‘Scratching in the Sand, Living in the Land of the Free’
Milam History by Joy Graham
Rockdale Reporter - 2012-05-31
The “Fruit Stand Song” was written by Ben Graham and Brooke Graham.
According to Bill Graham it was about a time in the 50’s when a man’s handshake meant
something, before our nation became a part of the world market and your neighbor was
usually connected with mutual good will.
The history was a window in time before Alcoa and Coastal Bermuda changed the county,
from a truck stop to an industry and cattle ranching.
Fruit Stand Song
“It was truly a joy growing up as a boy down around the old fruit stands,
“Trying to retain in my little bitty brain all the things that the grown ups said,
“Not to mention the smell or the stories they’d tell a bout the crops they grew on
their land, down in Milano, Texas at the old fruit stands.

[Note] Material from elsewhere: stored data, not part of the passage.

lemma integral_by_parts_test_functions:
  assumes \<psi>: "test_function \<psi>" and \<phi>: "test_function \<phi>" and b: "b \<in> Basis"
  shows "(\<integral>x. \<psi> x * frechet_derivative \<phi> (at x) b \<partial>lebesgue)
       = - (\<integral>x. frechet_derivative \<psi> (at x) b * \<phi> x \<partial>lebesgue)"
proof -
  obtain K where K: "compact K" and \<psi>0: "\<And>x. x \<notin> K \<Longrightarrow> \<psi> x = 0"
    using \<psi> unfolding test_function_def compact_support_def by blast
  let ?A = "\<lambda>x. \<psi> x * frechet_derivative \<phi> (at x) b"
  let ?B = "\<lambda>x. frechet_derivative \<psi> (at x) b * \<phi> x"
  have cont_A: "continuous_on UNIV ?A"
    by (rule continuous_on_mult[OF test_function_continuous[OF \<psi>] test_function_partial_continuous[OF \<phi> b]])
  have cont_B: "continuous_on UNIV ?B"
    by (rule continuous_on_mult[OF test_function_partial_continuous[OF \<psi> b] test_function_continuous[OF \<phi>]])
  have "?A x = 0" "?B x = 0" if "x \<notin> K" for x
    using \<psi>0[OF that] frechet_derivative_eq_0_outside[OF compact_imp_closed[OF K] \<psi>0 that] by simp_all
  then have int_A: "integrable lborel ?A" and int_B: "integrable lborel ?B"
    using lborel_integrable_continuous_compact_support[OF _ K] cont_A cont_B by blast+
  have "integral\<^sup>L lborel (\<lambda>x. ?A x + ?B x) = 0"
  proof (rule lborel_integral_directional_derivative_eq_0[OF has_derivative_mult[OF
        test_function_has_derivative[OF \<psi>] test_function_has_derivative[OF \<phi>]] _ K])
    show "continuous_on UNIV (\<lambda>x. ?A x + ?B x)"
      by (intro continuous_intros cont_A cont_B)
    show "\<psi> x * \<phi> x = 0" if "x \<notin> K" for x
      using \<psi>0[OF that] by simp
  qed
  then have "integral\<^sup>L lborel ?A = - integral\<^sup>L lborel ?B"
    using int_A int_B by simp
  moreover have "integral\<^sup>L lebesgue ?A = integral\<^sup>L lborel ?A" "integral\<^sup>L lebesgue ?B = integral\<^sup>L lborel ?B"
    using cont_A cont_B by (auto intro!: integral_completion borel_measurable_continuous_onI)
  ultimately show ?thesis
    by simp
qed

lemma weak_gradient_cgrad:
  assumes \<psi>: "test_function \<psi>"
  shows "weak_gradient \<psi> (cgrad \<psi>)"
  unfolding weak_gradient_def
proof (intro conjI ballI allI impI)
  show "locally_integrable \<psi>"
    using \<psi> by (intro continuous_locally_integrable test_function_continuous)
  show "locally_integrable (\<lambda>x. cgrad \<psi> x \<bullet> b)" if "b \<in> Basis" for b
    using \<psi> that by (simp add: cgrad_inner_Basis continuous_locally_integrable test_function_partial_continuous)
  show "(\<integral>x. \<psi> x * frechet_derivative \<phi> (at x) b \<partial>lebesgue) = - (\<integral>x. (cgrad \<psi> x \<bullet> b) * \<phi> x \<partial>lebesgue)"
    if "test_function \<phi>" "b \<in> Basis" for \<phi> b
    using \<psi> that by (simp add: cgrad_inner_Basis integral_by_parts_test_functions)
qed

lemma W1p_test_function:
  assumes \<psi>: "test_function \<psi>" and "0 < p"
  shows "W1p p \<psi>"
proof -
  obtain K where K: "compact K" and \<psi>0: "\<And>x. x \<notin> K \<Longrightarrow> \<psi> x = 0"
    using \<psi> unfolding test_function_def compact_support_def by blast
  have integrable_powr: "integrable lebesgue (\<lambda>x. \<bar>f x\<bar> powr p)"
    if "continuous_on UNIV f" "\<And>x. x \<notin> K \<Longrightarrow> f x = 0" for f :: "'a \<Rightarrow> real"
  proof (rule lebesgue_integrable_continuous_compact_support[OF _ K])
    show "continuous_on UNIV (\<lambda>x. \<bar>f x\<bar> powr p)"
      by (rule continuous_on_powr') (use that \<open>0 < p\<close> in \<open>auto intro: continuous_on_rabs\<close>)
  qed (use that in simp)
  have "integrable lebesgue (\<lambda>x. \<bar>norm (cgrad \<psi> x)\<bar> powr p)"
    using continuous_cgrad[OF \<psi>] cgrad_eq_0_outside[OF compact_imp_closed[OF K] \<psi>0]
    by (intro integrable_powr) (auto intro: continuous_on_norm)
  moreover have "integrable lebesgue (\<lambda>x. \<bar>\<psi> x\<bar> powr p)"
    by (rule integrable_powr[OF test_function_continuous[OF \<psi>] \<psi>0])
  ultimately show ?thesis
    unfolding W1p_def Lp_def using weak_gradient_cgrad[OF \<psi>] continuous_cgrad[OF \<psi>]
      test_function_continuous[OF \<psi>]
    by (auto intro!: exI[of _ "cgrad \<psi>"] continuous_borel_measurable_lebesgue continuous_on_norm)
qed

section \<open>The fundamental lemma of the calculus of variations\<close>

lemma integral_cube_eq_0_if_orthogonal_to_bumps:
  fixes h :: "'a::euclidean_space \<Rightarrow> real"
  assumes h: "integrable lebesgue h" and orth: "\<And>n. (\<integral>x. h x * cube_bump n a r x \<partial>lebesgue) = 0"
  shows "integral (cbox a (a + r *\<^sub>R One)) h = 0"
proof -
  let ?B = "box a (a + r *\<^sub>R One)"
  have int_B: "set_integrable lebesgue ?B h"
    unfolding set_integrable_def by (rule integrable_mult_indicator[OF _ h]) auto
  have "(\<lambda>n. \<integral>x. h x * cube_bump n a r x \<partial>lebesgue) \<longlonglongrightarrow> (\<integral>x. h x * indicator ?B x \<partial>lebesgue)"
  proof (rule integral_dominated_convergence[where w="\<lambda>x. norm (h x)"])
    show "(\<lambda>x. h x * indicator ?B x) \<in> borel_measurable lebesgue"
      using int_B by (simp add: set_integrable_def mult.commute)
    show "(\<lambda>x. h x * cube_bump n a r x) \<in> borel_measurable lebesgue" for n
      using h smooth_continuous[OF smooth_cube_bump] continuous_borel_measurable_lebesgue
      by (intro borel_measurable_times) auto
    show "AE x in lebesgue. (\<lambda>n. h x * cube_bump n a r x) \<longlonglongrightarrow> h x * indicator ?B x"
      by (intro AE_I2 tendsto_mult tendsto_const cube_bump_tendsto)
    show "AE x in lebesgue. norm (h x * cube_bump n a r x) \<le> norm (h x)" for n
      using cube_bump_bounds[of n a r] by (intro AE_I2) (simp add: abs_mult mult_left_le)
  qed (use h in simp)
  with orth have "(\<lambda>n. 0) \<longlonglongrightarrow> (\<integral>x. h x * indicator ?B x \<partial>lebesgue)"
    by simp
  then have "(\<integral>x. h x * indicator ?B x \<partial>lebesgue) = 0"
    using LIMSEQ_unique[OF tendsto_const] by metis
  then have "integral ?B h = 0"
    using set_lebesgue_integral_eq_integral(2)[OF int_B]
    by (simp add: set_lebesgue_integral_def mult.commute)
  then show ?thesis
    by (simp add: integral_open_interval)
qed

lemma cube_subset_cball:
  fixes x :: "'a::euclidean_space"
  assumes "0 \<le> r"
  shows "cbox x (x + r *\<^sub>R One) \<subseteq> cball x (r * norm (One :: 'a))"
proof
  fix z
  assume "z \<in> cbox x (x + r *\<^sub>R One)"
  then have "\<bar>(z - x) \<bullet> b\<bar> \<le> \<bar>(r *\<^sub>R One) \<bullet> b\<bar>" if "b \<in> Basis" for b
    using that assms by (auto simp: mem_box inner_diff_left inner_add_left)
  then have "norm (z - x) \<le> norm (r *\<^sub>R (One :: 'a))"
    by (rule norm_le_componentwise)
  with assms show "z \<in> cball x (r * norm (One :: 'a))"
    by (simp add: dist_norm norm_minus_commute)
qed

text \<open>Lebesgue's differentiation theorem: at almost every point, averages over small cubes
  converge to the value of the function.\<close>

lemma AE_eq_0_if_cube_integrals_eq_0:
  fixes h :: "'a::euclidean_space \<Rightarrow> real"
  assumes h: "integrable lebesgue h" and U: "open U"
    and cubes: "\<And>x r. cbox x (x + r *\<^sub>R One) \<subseteq> U \<Longrightarrow> integral (cbox x (x + r *\<^sub>R One)) h = 0"
  shows "AE x in lebesgue. x \<in> U \<longrightarrow> h x = 0"
proof -
  have "h integrable_on cbox a b" for a b
    using integrable_mult_indicator[OF _ h, of "cbox a b"]
    by (intro set_lebesgue_integral_eq_integral(1)) (auto simp: set_integrable_def)
  then obtain N where N: "negligible N"
    and diff: "\<And>x e. \<lbrakk>x \<notin> N; 0 < e\<rbrakk> \<Longrightarrow> \<exists>d>0. \<forall>r. 0 < r \<and> r < d \<longrightarrow>
       norm (integral (cbox x (x + r *\<^sub>R One)) h /\<^sub>R r ^ DIM('a) - h x) < e"
    using integrable_ccontinuous_explicit by blast
  have main: "h x = 0" if x: "x \<in> U" "x \<notin> N" for x
  proof (rule ccontr)
    assume "h x \<noteq> 0"
    obtain e where "e > 0" and e: "cball x e \<subseteq> U"
      using U x(1) open_contains_cball by blast
    obtain d where "d > 0" and d: "\<And>r. 0 < r \<and> r < d \<Longrightarrow>
        norm (integral (cbox x (x + r *\<^sub>R One)) h /\<^sub>R r ^ DIM('a) - h x) < \<bar>h x\<bar>"
      using diff[OF x(2)] \<open>h x \<noteq> 0\<close> by (meson zero_less_abs_iff)
    define r where "r = min (d / 2) (e / norm (One :: 'a))"
    have "0 < r" "r < d"
      using \<open>d > 0\<close> \<open>e > 0\<close> by (auto simp: r_def)
    moreover have "r * norm (One :: 'a) \<le> e"
      by (simp add: r_def min_def field_simps)
    then have "cbox x (x + r *\<^sub>R One) \<subseteq> U"
      using cube_subset_cball[of r x] \<open>0 < r\<close> e by fastforce
    then have "integral (cbox x (x + r *\<^sub>R One)) h = 0"
      by (rule cubes)
    ultimately show False
      using d[of r] by simp
  qed
  have "AE x in lebesgue. x \<notin> N"
    using N by (intro AE_not_in) (simp add: negligible_iff_null_sets)
  then show ?thesis
    by eventually_elim (use main in blast)
qed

“What did they have Daddy?
“They had squash and pataters and home grown tamaters and bushels of black-eyed peas.
“Big Black Diamonds, Charleston Greys and the Stripes they called the Jubilee.
“Produce perfection from any direction and truly a sight to see
“It was all about everything I am and what I’ll always be.

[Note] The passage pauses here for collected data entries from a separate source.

(* There exists a Moufang loop $M$ of order $3^{19}$ generated by four elements $a,b,c,d$ such that $(a,b,c)=(a,b,d)=(a,c,d)=(b,c,d)=1$ (so any three elements of the generating set $\{a,b,c,d\}$ associate, in every order and with repetitions allowed), but $([a,b],c,d)\neq 1$. In particular, $M$ is a nonassociative Moufang loop possessing a generating set every three elements of which associate.
   Context: A Moufang loop is a loop satisfying the identity $(xy)(zx)=(x(yz))x$. For elements $x,y,z$ of a Moufang loop, $[x,y]$ denotes the unique element $c$ with $xy=(yx)c$, and $(x,y,z)$ denotes the unique element $u$ with $(xy)z=(x(yz))u$. Elements $x,y,z$ are said to associate if $(x,y,z)=1$. *)

theory Defs
  imports Main
begin

definition loop :: "'a set \<Rightarrow> ('a \<Rightarrow> 'a \<Rightarrow> 'a) \<Rightarrow> 'a \<Rightarrow> bool" where
  "loop M mult e \<longleftrightarrow>
     (\<forall>x\<in>M. \<forall>y\<in>M. mult x y \<in> M) \<and>
     e \<in> M \<and> (\<forall>x\<in>M. mult e x = x \<and> mult x e = x) \<and>
     (\<forall>a\<in>M. \<forall>b\<in>M. \<exists>!x. x \<in> M \<and> mult a x = b) \<and>
     (\<forall>a\<in>M. \<forall>b\<in>M. \<exists>!y. y \<in> M \<and> mult y a = b)"

definition moufang_loop :: "'a set \<Rightarrow> ('a \<Rightarrow> 'a \<Rightarrow> 'a) \<Rightarrow> 'a \<Rightarrow> bool" where
  "moufang_loop M mult e \<longleftrightarrow> loop M mult e \<and>
     (\<forall>x\<in>M. \<forall>y\<in>M. \<forall>z\<in>M.
        mult (mult x y) (mult z x) = mult (mult x (mult y z)) x)"

definition loop_comm :: "'a set \<Rightarrow> ('a \<Rightarrow> 'a \<Rightarrow> 'a) \<Rightarrow> 'a \<Rightarrow> 'a \<Rightarrow> 'a" where
  "loop_comm M mult x y = (THE c. c \<in> M \<and> mult x y = mult (mult y x) c)"

definition loop_assoc :: "'a set \<Rightarrow> ('a \<Rightarrow> 'a \<Rightarrow> 'a) \<Rightarrow> 'a \<Rightarrow> 'a \<Rightarrow> 'a \<Rightarrow> 'a" where
  "loop_assoc M mult x y z = (THE u. u \<in> M \<and> mult (mult x y) z = mult (mult x (mult y z)) u)"

inductive_set subloop_gen :: "'a set \<Rightarrow> ('a \<Rightarrow> 'a \<Rightarrow> 'a) \<Rightarrow> 'a set \<Rightarrow> 'a set"
  for M mult S where
  gen: "x \<in> S \<Longrightarrow> x \<in> subloop_gen M mult S"
| mul: "x \<in> subloop_gen M mult S \<Longrightarrow> y \<in> subloop_gen M mult S \<Longrightarrow> mult x y \<in> subloop_gen M mult S"
| ldiv: "x \<in> subloop_gen M mult S \<Longrightarrow> y \<in> subloop_gen M mult S \<Longrightarrow> z \<in> M \<Longrightarrow> mult x z = y
          \<Longrightarrow> z \<in> subloop_gen M mult S"
| rdiv: "x \<in> subloop_gen M mult S \<Longrightarrow> y \<in> subloop_gen M mult S \<Longrightarrow> z \<in> M \<Longrightarrow> mult z x = y
          \<Longrightarrow> z \<in> subloop_gen M mult S"

end

theory Submission
  imports Defs "HOL-Library.Numeral_Type" "HOL-Library.Product_Plus"
    "HOL-Computational_Algebra.Group_Closure"
begin

text \<open>
  The loop is an iterated central extension. On \<open>A = (\<int>/27)^4\<close> with basis \<open>a, b, c, d\<close>,
  the biadditive cocycle \<open>\<beta>(x, y) = (x_i y_j mod 3)_{i<j}\<close> defines a class-two nilpotent
  group \<open>G = A \<times>_\<beta> (\<int>/3)^6\<close>, whose central factor \<open>(\<int>/3)^6\<close> is spanned by the
  commutators of basis vectors. Any \<open>F : G \<times> G \<rightarrow> \<int>/3\<close> satisfying the Moufang cocycle identity
  \<open>F(x,y) + F(z,x) + F(xy,zx) = F(y,z) + F(x,yz) + F(x(yz),x)\<close> turns \<open>M = G \<times>_F \<int>/3\<close> into a
  Moufang loop, of order \<open>27^4 \<cdot> 3^6 \<cdot> 3 = 3^19\<close>. For the polynomial \<open>F\<close> below, any three
  generators associate, while \<open>([a,b], c, d)\<close> generates the central factor \<open>\<int>/3\<close> of \<open>M\<close>.

  Generation goes layer by layer: a subloop of a central extension that meets every fibre
  and contains the central factor is everything, and the central factors of \<open>G\<close> and \<open>M\<close>
  are reached by commutators and by that associator respectively.
\<close>

section \<open>Associators, commutators and generated subloops\<close>

lemma loop_mult_closed:
  assumes "loop M m e" "x \<in> M" "y \<in> M"
  shows "m x y \<in> M"
  using assms by (simp add: loop_def)

lemma loop_ldiv_ex1:
  assumes "loop M m e" "a \<in> M" "b \<in> M"
  shows "\<exists>!x. x \<in> M \<and> m a x = b"
  using assms by (simp add: loop_def)

lemma loop_rdiv_ex1:
  assumes "loop M m e" "a \<in> M" "b \<in> M"
  shows "\<exists>!x. x \<in> M \<and> m x a = b"
  using assms by (simp add: loop_def)

lemma loop_ldiv_unique:
  assumes "loop M m e" "a \<in> M" "x \<in> M" "y \<in> M" "m a x = m a y"
  shows "x = y"
proof -
  have "\<exists>!x. x \<in> M \<and> m a x = m a y"
    using assms(1,2,4) by (simp add: loop_ldiv_ex1 loop_mult_closed)
  then show ?thesis
    using assms(3,4,5) by (auto elim: ex1E)
qed

lemma loop_rdiv_unique:
  assumes "loop M m e" "a \<in> M" "x \<in> M" "y \<in> M" "m x a = m y a"
  shows "x = y"
proof -
  have "\<exists>!x. x \<in> M \<and> m x a = m y a"
    using assms(1,2,4) by (simp add: loop_rdiv_ex1 loop_mult_closed)
  then show ?thesis
    using assms(3,4,5) by (auto elim: ex1E)
qed

lemma loop_assoc_eqI:
  assumes "loop M m e" "x \<in> M" "y \<in> M" "z \<in> M" "u \<in> M"
    and "m (m x y) z = m (m x (m y z)) u"
  shows "loop_assoc M m x y z = u"
  unfolding loop_assoc_def
proof (rule the_equality)
  fix v assume v: "v \<in> M \<and> m (m x y) z = m (m x (m y z)) v"
  have "m x (m y z) \<in> M"
    using assms(1-4) by (simp add: loop_mult_closed)
  then show "v = u"
    using loop_ldiv_unique[OF assms(1)] v assms(5,6) by metis
qed (use assms in auto)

“They had fresh green onions picked this morning and crates full of turnip greens.
“All loaded up in the back of their trucks for the whole world to see
“Two for a dollar or three for six bits was the bar code of their kind
“Takes me back to a better place and a much better time.
“At the end of the day count the money they made saving nickels, pennies and dimes
“And reinvest as they knew best and get ready for a brand new day.
“They never looked at their clocks when it came to their crops it was hard work every
“Woman and a man just scratching in the sand and living in the land of the free.
“It was all about just feeding their mouth and standing on their own two feet.
Working 12 months out of the year 7 days of the week It was Gods’ grand plan for the
man of the sand and bounty for those that pleased,
“To savor the flavor of their sweet labor in the land of the sand and the free.”